### Input

(* Let $p$ be a positive integer and $q$ a positive even integer with $p/q\in[2.5,3)$. Then there exists a fractional clique $x$ of the Kneser graph $K_{p/q}$ of weight $p/q$ such that $x(v)=\binom{p-q}{q}^{-1}$ for every neighbor $v$ of the vertex $[q]=\{1,\dots,q\}$.
   Context: For integers $1\le q\le p$, the Kneser graph $K_{p/q}$ has as vertices all $q$-element subsets of $[p]=\{1,\dots,p\}$, two being adjacent iff they are disjoint. A fractional clique of a graph $G$ is a map $x:V(G)\to[0,1]$ such that $\sum_{v\in I}x(v)\le 1$ for every independent set $I$ of $G$; its weight is $\sum_{v\in V(G)}x(v)$. *)

theory Defs
  imports Complex_Main
begin

definition kneser_vertices :: "nat \<Rightarrow> nat \<Rightarrow> nat set set" where
  "kneser_vertices p q = {S. S \<subseteq> {1..p} \<and> card S = q}"

definition kneser_adj :: "nat set \<Rightarrow> nat set \<Rightarrow> bool" where
  "kneser_adj S T \<longleftrightarrow> S \<inter> T = {}"

definition kneser_independent :: "nat \<Rightarrow> nat \<Rightarrow> nat set set \<Rightarrow> bool" where
  "kneser_independent p q I \<longleftrightarrow> I \<subseteq> kneser_vertices p q \<and>
     (\<forall>S\<in>I. \<forall>T\<in>I. S \<noteq> T \<longrightarrow> \<not> kneser_adj S T)"

definition kneser_fractional_clique :: "nat \<Rightarrow> nat \<Rightarrow> (nat set \<Rightarrow> real) \<Rightarrow> bool" where
  "kneser_fractional_clique p q x \<longleftrightarrow>
     (\<forall>v\<in>kneser_vertices p q. 0 \<le> x v \<and> x v \<le> 1) \<and>
     (\<forall>I. kneser_independent p q I \<longrightarrow> sum x I \<le> 1)"

definition fc_weight :: "nat \<Rightarrow> nat \<Rightarrow> (nat set \<Rightarrow> real) \<Rightarrow> real" where
  "fc_weight p q x = sum x (kneser_vertices p q)"

end

theory Submission
  imports Defs "HOL-Combinatorics.Permutations"
begin

text \<open>
  Split {1..p} into the head {1..q} = Head1 \<union> Head2 (halves of size s) and the tail
  {q+1..p} of size r = p - q; put d = 3q - p, so that 1 \<le> d \<le> s and r + d = 4s.  Fix a
  cyclic ordering of the tail.  It supports weight 1/r on each of the r q-arcs of the tail,
  weight c = (q - d)/(qr) on each vertex Head1 \<union> (s-arc) and Head2 \<union> (s-arc), and weight
  d/q on the head; the total is p/q.  That an intersecting family of vertices gets weight at
  most 1 reduces to a counting statement about arcs on an r-cycle (arc_configuration_bound),
  which rests on Katona's cycle lemma, a cross-intersection bound and a Cauchy-Davenport type
  bound for cyclic sumsets with an interval.  Averaging over all orderings of the tail keeps
  these properties and, by symmetry under permutations of the tail, makes the weight constant
  on the neighbours of the head; since each ordering gives them total weight 1, each gets
  1 / (r choose q).
\<close>

section \<open>Arcs on a cycle\<close>

text \<open>The residues {..<r} are read as the vertices of an r-cycle;
  cyc_arc r i l is the arc of l consecutive vertices starting at i.\<close>

definition cyc_arc :: "nat \<Rightarrow> nat \<Rightarrow> nat \<Rightarrow> nat set" where
  "cyc_arc r i l = (\<lambda>t. (i + t) mod r) ` {..<l}"

lemma mod_add_cancel_lt:
  fixes r i a b :: nat
  assumes "a < r" "b < r" "(i + a) mod r = (i + b) mod r"
  shows "a = b"
proof (cases "a \<le> b")
  case True
  then obtain k where "i + b = i + a + r * k"
    using assms(3) mod_eq_nat2E by (metis add_le_mono1 add.commute)
  hence "b = a + r * k" by simp
  with assms show ?thesis by (cases k) auto
next
  case False
  then obtain k where "i + a = i + b + r * k"
    using assms(3) mod_eq_nat1E by (metis add_le_cancel_left nat_le_linear)
  hence "a = b + r * k" by simp
  with assms show ?thesis by (cases k) auto
qed

lemma inj_on_mod_shift:
  fixes X :: "nat set"
  assumes "X \<subseteq> {..<r}"
  shows "inj_on (\<lambda>x. (x + c) mod r) X"
proof (rule inj_onI)
  fix x y assume "x \<in> X" "y \<in> X" "(x + c) mod r = (y + c) mod r"
  thus "x = y" using assms mod_add_cancel_lt[of x r y c] by (auto simp: add.commute)
qed

lemma cyc_arc_subset: "r > 0 \<Longrightarrow> cyc_arc r i l \<subseteq> {..<r}"
  unfolding cyc_arc_def by auto

lemma card_cyc_arc:
  assumes "l \<le> r"
  shows "card (cyc_arc r i l) = l"
proof -
  have "inj_on (\<lambda>t. (i + t) mod r) {..<l}"
    using inj_on_mod_shift[of "{..<l}" r i] assms by (simp add: add.commute)
  thus ?thesis unfolding cyc_arc_def by (simp add: card_image)
qed

lemma cyc_arcs_disjoint:
  assumes "l1 \<le> m" "m + l2 \<le> r"
  shows "cyc_arc r z l1 \<inter> cyc_arc r ((z + m) mod r) l2 = {}"
proof (rule ccontr)
  assume "cyc_arc r z l1 \<inter> cyc_arc r ((z + m) mod r) l2 \<noteq> {}"
  then obtain t t' where t: "t < l1" "t' < l2"
    and eq: "(z + t) mod r = ((z + m) mod r + t') mod r"
    unfolding cyc_arc_def by auto
  have "((z + m) mod r + t') mod r = (z + (m + t')) mod r"
    by (simp add: mod_add_left_eq add.assoc)
  with eq have "(z + t) mod r = (z + (m + t')) mod r" by simp
  moreover have "t < r" "m + t' < r" using t assms by auto
  ultimately have "t = m + t'" using mod_add_cancel_lt by blast
  thus False using t assms by auto
qed

text \<open>Cross-intersecting families of s-arcs: if every arc starting in X meets
  every arc starting in Y, then |X| + |Y| \<le> r, because the arc starting
  s steps after a member of X cannot start in Y.\<close>

lemma cross_intersecting_arcs_card:
  assumes X: "X \<subseteq> {..<r}" and Y: "Y \<subseteq> {..<r}" and "2 * s \<le> r"
    and meet: "\<forall>x\<in>X. \<forall>y\<in>Y. cyc_arc r x s \<inter> cyc_arc r y s \<noteq> {}"
  shows "card X + card Y \<le> r"
proof -
  let ?g = "\<lambda>x. (x + s) mod r"
  have "?g ` X \<inter> Y = {}"
  proof (rule ccontr)
    assume "?g ` X \<inter> Y \<noteq> {}"
    then obtain x where x: "x \<in> X" "?g x \<in> Y" by auto
    have "cyc_arc r x s \<inter> cyc_arc r ((x + s) mod r) s = {}"
      by (rule cyc_arcs_disjoint) (use assms in auto)
    with meet x show False by auto
  qed
  moreover have gX: "?g ` X \<subseteq> {..<r}" using X by fastforce
  ultimately have "card (?g ` X \<union> Y) = card X + card Y"
    using Y card_image[OF inj_on_mod_shift[OF X]]
    by (subst card_Un_disjoint) (auto intro: finite_subset)
  moreover have "card (?g ` X \<union> Y) \<le> r"
    using gX Y card_mono[of "{..<r}" "?g ` X \<union> Y"] by auto
  ultimately show ?thesis by simp
qed

definition cyc_offset :: "nat \<Rightarrow> nat \<Rightarrow> nat \<Rightarrow> nat" where
  "cyc_offset r t0 t = (t + (r - t0)) mod r"

lemma cyc_offset:
  assumes "t0 < r" "t < r"
  shows "cyc_offset r t0 t < r" "(t0 + cyc_offset r t0 t) mod r = t"
proof -
  show "cyc_offset r t0 t < r" unfolding cyc_offset_def using assms by simp
  have "(t0 + cyc_offset r t0 t) mod r = (t0 + (t + (r - t0))) mod r"
    unfolding cyc_offset_def by (simp add: mod_add_right_eq)
  also have "t0 + (t + (r - t0)) = t + r" using assms by simp
  finally show "(t0 + cyc_offset r t0 t) mod r = t" using assms by simp
qed

lemma meeting_arc_offset:
  assumes "t0 < r" "t < r" "cyc_arc r t0 s \<inter> cyc_arc r t s \<noteq> {}"
  shows "cyc_offset r t0 t < s \<or> r - s < cyc_offset r t0 t"
proof (rule ccontr)
  assume "\<not> ?thesis"
  hence "s \<le> cyc_offset r t0 t" "cyc_offset r t0 t + s \<le> r" by auto
  hence "cyc_arc r t0 s \<inter> cyc_arc r ((t0 + cyc_offset r t0 t) mod r) s = {}"
    by (rule cyc_arcs_disjoint)
  with assms cyc_offset show False by simp
qed

lemma opposite_offsets_disjoint:
  assumes "t0 < r" "a < r" "b < r" "2 * s \<le> r"
    and "cyc_offset r t0 b = cyc_offset r t0 a + (r - s)"
  shows "cyc_arc r b s \<inter> cyc_arc r a s = {}"
proof -
  have "(b + s) mod r = ((t0 + cyc_offset r t0 b) mod r + s) mod r"
    using cyc_offset(2)[OF assms(1,3)] by simp
  also have "\<dots> = (t0 + cyc_offset r t0 b + s) mod r" by (simp add: mod_add_left_eq)
  also have "t0 + cyc_offset r t0 b + s = (t0 + cyc_offset r t0 a) + r" using assms(4,5) by simp
  also have "(t0 + cyc_offset r t0 a + r) mod r = a" using cyc_offset(2)[OF assms(1,2)] by simp
  finally have "a = (b + s) mod r" by simp
  thus ?thesis using cyc_arcs_disjoint[of s s s r b] assms(4) by simp
qed

text \<open>Relative to a fixed member, the offsets
  of the members lie in [0, s) \<union> (r - s, r), and folding the second interval onto
  the first is injective, since offsets k and k + r - s belong to disjoint arcs.\<close>

lemma intersecting_arcs_card:
  assumes T: "T \<subseteq> {..<r}" and s2r: "2 * s \<le> r"
    and meet: "\<forall>x\<in>T. \<forall>y\<in>T. cyc_arc r x s \<inter> cyc_arc r y s \<noteq> {}"
  shows "card T \<le> s"
proof (cases "T = {}")
  case False
  then obtain t0 where t0: "t0 \<in> T" by auto
  have t0r: "t0 < r" using t0 T by auto
  let ?m = "cyc_offset r t0"
  have range: "?m t < s \<or> r - s < ?m t" if "t \<in> T" for t
    using meeting_arc_offset[OF t0r _ meet[rule_format, OF t0 that]] that T by auto
  define h where "h = (\<lambda>t. if ?m t < s then ?m t else ?m t + s - r)"
  have "inj_on h T"
  proof (rule inj_onI)
    fix a b assume a: "a \<in> T" and b: "b \<in> T" and hab: "h a = h b"
    have ar: "a < r" and br: "b < r" using a b T by auto
    have not_opposite: "?m b \<noteq> ?m a + (r - s)" if "a \<in> T" "b \<in> T" "a < r" "b < r" for a b
    proof
      assume "?m b = ?m a + (r - s)"
      hence "cyc_arc r b s \<inter> cyc_arc r a s = {}"
        by (rule opposite_offsets_disjoint[OF t0r that(3,4) s2r])
      thus False using meet that(1,2) by auto
    qed
    have "?m a = ?m b"
      using hab range[OF a] range[OF b] not_opposite[OF a b ar br] not_opposite[OF b a br ar]
        cyc_offset(1)[OF t0r ar] cyc_offset(1)[OF t0r br] s2r
      unfolding h_def by (auto split: if_splits)
    thus "a = b" using cyc_offset(2)[OF t0r ar] cyc_offset(2)[OF t0r br] by metis
  qed
  moreover have "h ` T \<subseteq> {..<s}" using range cyc_offset(1)[OF t0r] T unfolding h_def by fastforce
  ultimately show ?thesis using card_mono[of "{..<s}" "h ` T"] card_image by fastforce
qed simp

######

[The problem] From the records above, show each line that contains the word "fastforce".

[Result for this task]
  moreover have gX: "?g ` X \<subseteq> {..<r}" using X by fastforce
  moreover have "h ` T \<subseteq> {..<s}" using range cyc_offset(1)[OF t0r] T unfolding h_def by fastforce
  ultimately show ?thesis using card_mono[of "{..<s}" "h ` T"] card_image by fastforce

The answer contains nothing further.